La lecture du parc complète l'analyse : 321 diagnostics publiés pour 1 000 résidences principales, environ 1 182 logements occupés par leur propriétaire, de l'ordre de 1 273 maisons individuelles. Ce volume ne préjuge d'aucune éligibilité individuelle : il indique seulement où se concentrent, à Orry-la-Ville, les situations où le scénario décrit sur cette page a le plus de chances d'être pertinent.
Dernier paramètre, le financement du reliquat : sur le cas type à Orry-la-Ville, le reste à charge d'un ménage très modeste ressort à 6 000 € après aide ANAH et prise en charge de l'accompagnement. Étalé sur quinze ans en éco-prêt à taux zéro, cela représente de l'ordre de 35 € par mois, à comparer aux 1 620 € d'économie annuelle attendue sur la facture d'énergie.
Pourquoi la même solution ne se classe pas au même rang partout : à Orry-la-Ville relève de la zone H1a, dont la base conventionnelle atteint 250 kWh/m²/an. Le temps de retour de la remise à niveau d'un logement mis en location s'en trouve mécaniquement raccourci par rapport aux zones plus douces.
À l'échelle intercommunale, à Orry-la-Ville relève de CC de l'Aire Cantilienne. Les permanences France Rénov' de ce périmètre instruisent les demandes portant sur la remise à niveau d'un logement mis en location et recensent les aides locales cumulables, qui viennent en déduction du reste à charge calculé plus haut.
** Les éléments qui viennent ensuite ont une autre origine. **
lemma cover_prob_left_wall:
  assumes "j < m" "1 \<le> a" "a \<le> b" "b \<le> j" "k = (a - 1) + (j - b)" "k \<le> n"
  shows "cover_prob m a b n k {1..j} = wall_prob (a - 1) (j - b)"
  using assms
proof (induction k arbitrary: a b n)
  case 0
  then show ?case
    by (simp add: cover_prob_0)
next
  case (Suc k)
  note bounds = Suc.prems(1-4) and steps = Suc.prems(5)
  obtain n' where n: "n = Suc n'"
    using Suc.prems by (cases n) auto
  have IH: "cover_prob m a' b' n' k {1..j} = wall_prob (a' - 1) (j - b')"
    if "1 \<le> a'" "a' \<le> b'" "b' \<le> j" "k = (a' - 1) + (j - b')" for a' b'
    by (rule Suc.IH) (use that Suc.prems n in auto)
  show ?case
  proof (cases "a = 1")
    case True
    have "cover_prob m a (b + 1) n' k {1..j} = wall_prob (a - 1) (j - (b + 1))"
      by (rule IH) (use True bounds steps in auto)
    then show ?thesis
      using True bounds n by (simp add: cover_prob_Suc)
  next
    case False
    then have "1 < a"
      using bounds by simp
    then obtain l where l: "a - 1 = Suc l"
      by (cases "a - 1") auto
    have "cover_prob m (a - 1) b n' k {1..j} = wall_prob (a - 1 - 1) (j - b)"
      by (rule IH) (use False bounds steps in auto)
    moreover have "a - 1 - 1 = l"
      using l by linarith
    ultimately have left: "cover_prob m (a - 1) b n' k {1..j} = wall_prob l (j - b)"
      by simp
    show ?thesis
    proof (cases "b = j")
      case True
      then have "cover_prob m a (b + 1) n' k {1..j} = 0"
        using bounds by (simp add: cover_prob_eq_0)
      then show ?thesis
        using left l True \<open>1 < a\<close> bounds n by (simp add: cover_prob_Suc)
    next
      case False
      then obtain r where r: "j - b = Suc r"
        using bounds by (cases "j - b") auto
      have "cover_prob m a (b + 1) n' k {1..j} = wall_prob (a - 1) (j - (b + 1))"
        by (rule IH) (use False bounds steps in auto)
      moreover have "j - (b + 1) = r"
        using r by linarith
      ultimately have "cover_prob m a (b + 1) n' k {1..j} = wall_prob (Suc l) r"
        using l by simp
      then show ?thesis
        using left l r \<open>1 < a\<close> bounds n by (simp add: cover_prob_Suc)
    qed
  qed
qed

lemma cover_prob_full:
  assumes "1 \<le> a" "a \<le> b" "b \<le> m" "k = (a - 1) + (m - b)" "k \<le> n"
  shows "cover_prob m a b n k {1..m} = 1"
  using assms
proof (induction k arbitrary: a b n)
  case 0
  then show ?case
    by (simp add: cover_prob_0)
next
  case (Suc k)
  note bounds = Suc.prems(1-3) and steps = Suc.prems(4)
  obtain n' where n: "n = Suc n'"
    using Suc.prems by (cases n) auto
  have IH: "cover_prob m a' b' n' k {1..m} = 1"
    if "1 \<le> a'" "a' \<le> b'" "b' \<le> m" "k = (a' - 1) + (m - b')" for a' b'
    by (rule Suc.IH) (use that Suc.prems n in auto)
  have "1 < a \<Longrightarrow> cover_prob m (a - 1) b n' k {1..m} = 1"
    by (rule IH) (use bounds steps in auto)
  moreover have "b < m \<Longrightarrow> cover_prob m a (b + 1) n' k {1..m} = 1"
    by (rule IH) (use bounds steps in auto)
  moreover have "1 < a \<or> b < m"
    using bounds steps by auto
  ultimately show ?case
    using bounds n by (auto simp: cover_prob_Suc)
qed

lemma cover_prob_reflect:
  assumes "1 \<le> a" "a \<le> b" "b \<le> m" "1 \<le> i" "i \<le> j" "j \<le> m"
  shows "cover_prob m (m + 1 - b) (m + 1 - a) n k {m + 1 - j..m + 1 - i} = cover_prob m a b n k {i..j}"
  using assms
proof (induction k arbitrary: a b n)
  case 0
  then show ?case
    by (auto simp: cover_prob_0)
next
  case (Suc k)
  show ?case
  proof (cases n)
    case 0
    then show ?thesis
      using Suc.prems by (auto simp: cover_prob_def indicator_def)
  next
    case (Suc n')
    have left: "cover_prob m (m + 1 - b) (m + 1 - a + 1) n' k {m + 1 - j..m + 1 - i}
        = cover_prob m (a - 1) b n' k {i..j}" if "1 < a"
      using Suc.IH[of "a - 1" b n'] Suc.prems that by (simp add: Suc_diff_le)
    have right: "cover_prob m (m + 1 - b - 1) (m + 1 - a) n' k {m + 1 - j..m + 1 - i}
        = cover_prob m a (b + 1) n' k {i..j}" if "b < m"
      using Suc.IH[of a "b + 1" n'] Suc.prems that by simp
    have base: "{m + 1 - b..m + 1 - a} = {m + 1 - j..m + 1 - i} \<longleftrightarrow> {a..b} = {i..j}"
      using Suc.prems by auto
    have conds: "1 < m + 1 - b \<longleftrightarrow> b < m" "m + 1 - a < m \<longleftrightarrow> 1 < a"
      using Suc.prems by auto
    have ordered: "m + 1 - b \<le> m + 1 - a"
      using Suc.prems by simp
    show ?thesis
      unfolding \<open>n = Suc n'\<close> cover_prob_Suc[OF ordered] cover_prob_Suc[OF \<open>a \<le> b\<close>] conds
      using left right base by (cases "1 < a"; cases "b < m") (simp_all add: add.commute)
  qed
qed

lemma wall_prob_diagonal_sum: "(\<Sum>l\<le>n. wall_prob l (n - l)) = (real n + 2) / 2"
proof (induction n)
  case 0
  then show ?case
    by simp
next
  case (Suc n)
  let ?D = "\<Sum>l\<le>n. wall_prob l (n - l)"
  have "wall_prob (Suc l) (n - l) = (wall_prob l (n - l) + wall_prob (Suc l) (n - Suc l)) / 2"
    if "l < n" for l
    using that by (simp add: Suc_diff_Suc[symmetric])
  then have "(\<Sum>l<n. wall_prob (Suc l) (n - l))
      = (\<Sum>l<n. (wall_prob l (n - l) + wall_prob (Suc l) (n - Suc l)) / 2)"
    by (intro sum.cong) auto
  also have "\<dots> = ((\<Sum>l<n. wall_prob l (n - l)) + (\<Sum>l<n. wall_prob (Suc l) (n - Suc l))) / 2"
    by (simp add: sum.distrib flip: sum_divide_distrib)
  also have "\<dots> = ((?D - wall_prob n 0) + (?D - 1)) / 2"
  proof -
    have "(\<Sum>l<n. wall_prob l (n - l)) = ?D - wall_prob n 0"
      by (simp add: lessThan_Suc_atMost[symmetric])
    moreover have "(\<Sum>l<n. wall_prob (Suc l) (n - Suc l)) = ?D - 1"
      by (simp add: sum.atMost_shift)
    ultimately show ?thesis
      by simp
  qed
  finally have inner: "(\<Sum>l<n. wall_prob (Suc l) (n - l)) = ((?D - wall_prob n 0) + (?D - 1)) / 2" .
  have "(\<Sum>l\<le>Suc n. wall_prob l (Suc n - l)) = 1 + (\<Sum>l\<le>n. wall_prob (Suc l) (n - l))"
    by (subst sum.atMost_Suc_shift) simp
  also have "\<dots> = 1 + (\<Sum>l<n. wall_prob (Suc l) (n - l)) + wall_prob n 0 / 2"
    by (simp add: lessThan_Suc_atMost[symmetric])
  also have "\<dots> = (real (Suc n) + 2) / 2"
    unfolding inner Suc.IH by (simp add: field_simps)
  finally show ?case .
qed

lemma top_interval_prob_eq_peak_sum:
  assumes "1 \<le> i" "i \<le> j" "j \<le> m"
  shows "top_interval_prob m i j = (\<Sum>c\<in>{i..j}. cover_prob m c c (m - 1) (j - i) {i..j}) / m"
proof -
  have "top_interval_prob m i j = (\<Sum>c\<in>{1..m}. cover_prob m c c (m - 1) (j - i) {i..j}) / m"
    using assms by (simp add: top_interval_prob_def conitzer_def measure_bind_pmf_of_set cover_prob_def)
  also have "(\<Sum>c\<in>{1..m}. cover_prob m c c (m - 1) (j - i) {i..j})
      = (\<Sum>c\<in>{i..j}. cover_prob m c c (m - 1) (j - i) {i..j})"
    by (rule sum.mono_neutral_right) (use assms in \<open>auto intro!: cover_prob_eq_0\<close>)
  finally show ?thesis .
qed

lemma top_interval_prob_singleton:
  assumes "1 \<le> l" "l \<le> m"
  shows "top_interval_prob m l l = 1 / real m"
  using assms by (simp add: top_interval_prob_eq_peak_sum cover_prob_0)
Ne signez rien avant l'accord : sur la remise à niveau d'un logement mis en location à Orry-la-Ville, l'antériorité du dossier est une condition d'éligibilité, pas une formalité. L'enjeu se chiffre à 32 000 € pour un profil très modeste et 18 000 € pour un profil intermédiaire.
Le choix du scénario change l'assiette : à Orry-la-Ville, elle passe de 30 000 € HT à deux classes à 40 000 € HT dès trois classes. Avec le logement loué chiffré autour de 20 569 000 €, l'arbitrage consiste à vérifier si le poste complémentaire nécessaire pour franchir la troisième classe coûte moins que le supplément d'aide qu'il déclenche.
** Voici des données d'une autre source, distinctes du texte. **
lemma prod_le_minors_norm:
  assumes "k \<le> m" "k \<le> n"
  shows "(\<Prod>i<k. L i) \<le> real m ^ k * real n ^ k * minors_norm M k"
proof (cases "(\<Prod>i<k. L i) = 0")
  case True
  have "0 \<le> minors_norm M k" using minors_norm_attained[OF M_carrier assms] by auto
  with True show ?thesis by (simp only: mult_nonneg_nonneg zero_le_power of_nat_0_le_iff)
next
  case False
  have "0 \<le> (\<Prod>i<k. L i)" using L_nonneg assms by (intro prod_nonneg) auto
  with False have "0 < (\<Prod>i<k. L i)" by (metis less_eq_real_def)
  then obtain g f where g: "\<forall>i<k. g i < m" "inj_on g {..<k}" and f: "\<forall>j<k. f j < n" "inj_on f {..<k}"
    and big: "(\<Prod>i<k. L i) \<le> real m ^ k * real n ^ k * \<bar>minor M k g f\<bar>"
    using exists_large_minor[OF assms(2)] by blast
  have "\<bar>minor M k g f\<bar> \<le> minors_norm M k"
    using g f by (intro abs_minor_le_minors_norm[OF M_carrier]) auto
  then have "real m ^ k * real n ^ k * \<bar>minor M k g f\<bar> \<le> real m ^ k * real n ^ k * minors_norm M k"
    by (rule mult_left_mono) simp
  with big show ?thesis by linarith
qed

lemma minors_norm_le_prod:
  assumes "k \<le> m" "k \<le> n"
  shows "minors_norm M k \<le> real n ^ k * fact k * (\<Prod>i<k. L i)"
proof -
  obtain I J where I: "I \<subseteq> {..<m}" "card I = k" and J: "J \<subseteq> {..<n}" "card J = k"
    and eq: "minors_norm M k = \<bar>det (submatrix M I J)\<bar>"
    using minors_norm_attained[OF M_carrier assms] by blast
  show ?thesis
    unfolding eq det_submatrix_eq_minor[OF M_carrier I J]
    using pick_less[OF I(1)] pick_less[OF J(1)] I J assms by (intro abs_minor_le) auto
qed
Trésorerie du projet à Orry-la-Ville : 6 000 € de reste à charge pour le profil le plus aidé, accompagnement pris en charge jusqu'à 2 000 €. Un éco-prêt de quinze ans ramène l'effort à 35 € par mois, à comparer aux 1 620 € d'économie annuelle auxquels le logement loué participe.
Ce qui coûte le plus cher n'est pas le prix d'achat mais la reprise : un engagement de conventionnement signé sans simuler le manque à gagner locatif oblige à rouvrir l'ouvrage. Comptez 2 056 900 € à 4 113 800 € à Orry-la-Ville, à la charge exclusive du ménage puisque l'aide a déjà été versée sur le premier chantier.
Maisons ou logements collectifs, la réponse technique diffère : à Orry-la-Ville, la part de maisons atteint 84 % du parc (1 273 logements). Pour la remise à niveau d'un logement mis en location, cela signifie que la vacance du logement pendant les travaux lourds conditionne la majorité des chantiers plutôt qu'une minorité de cas.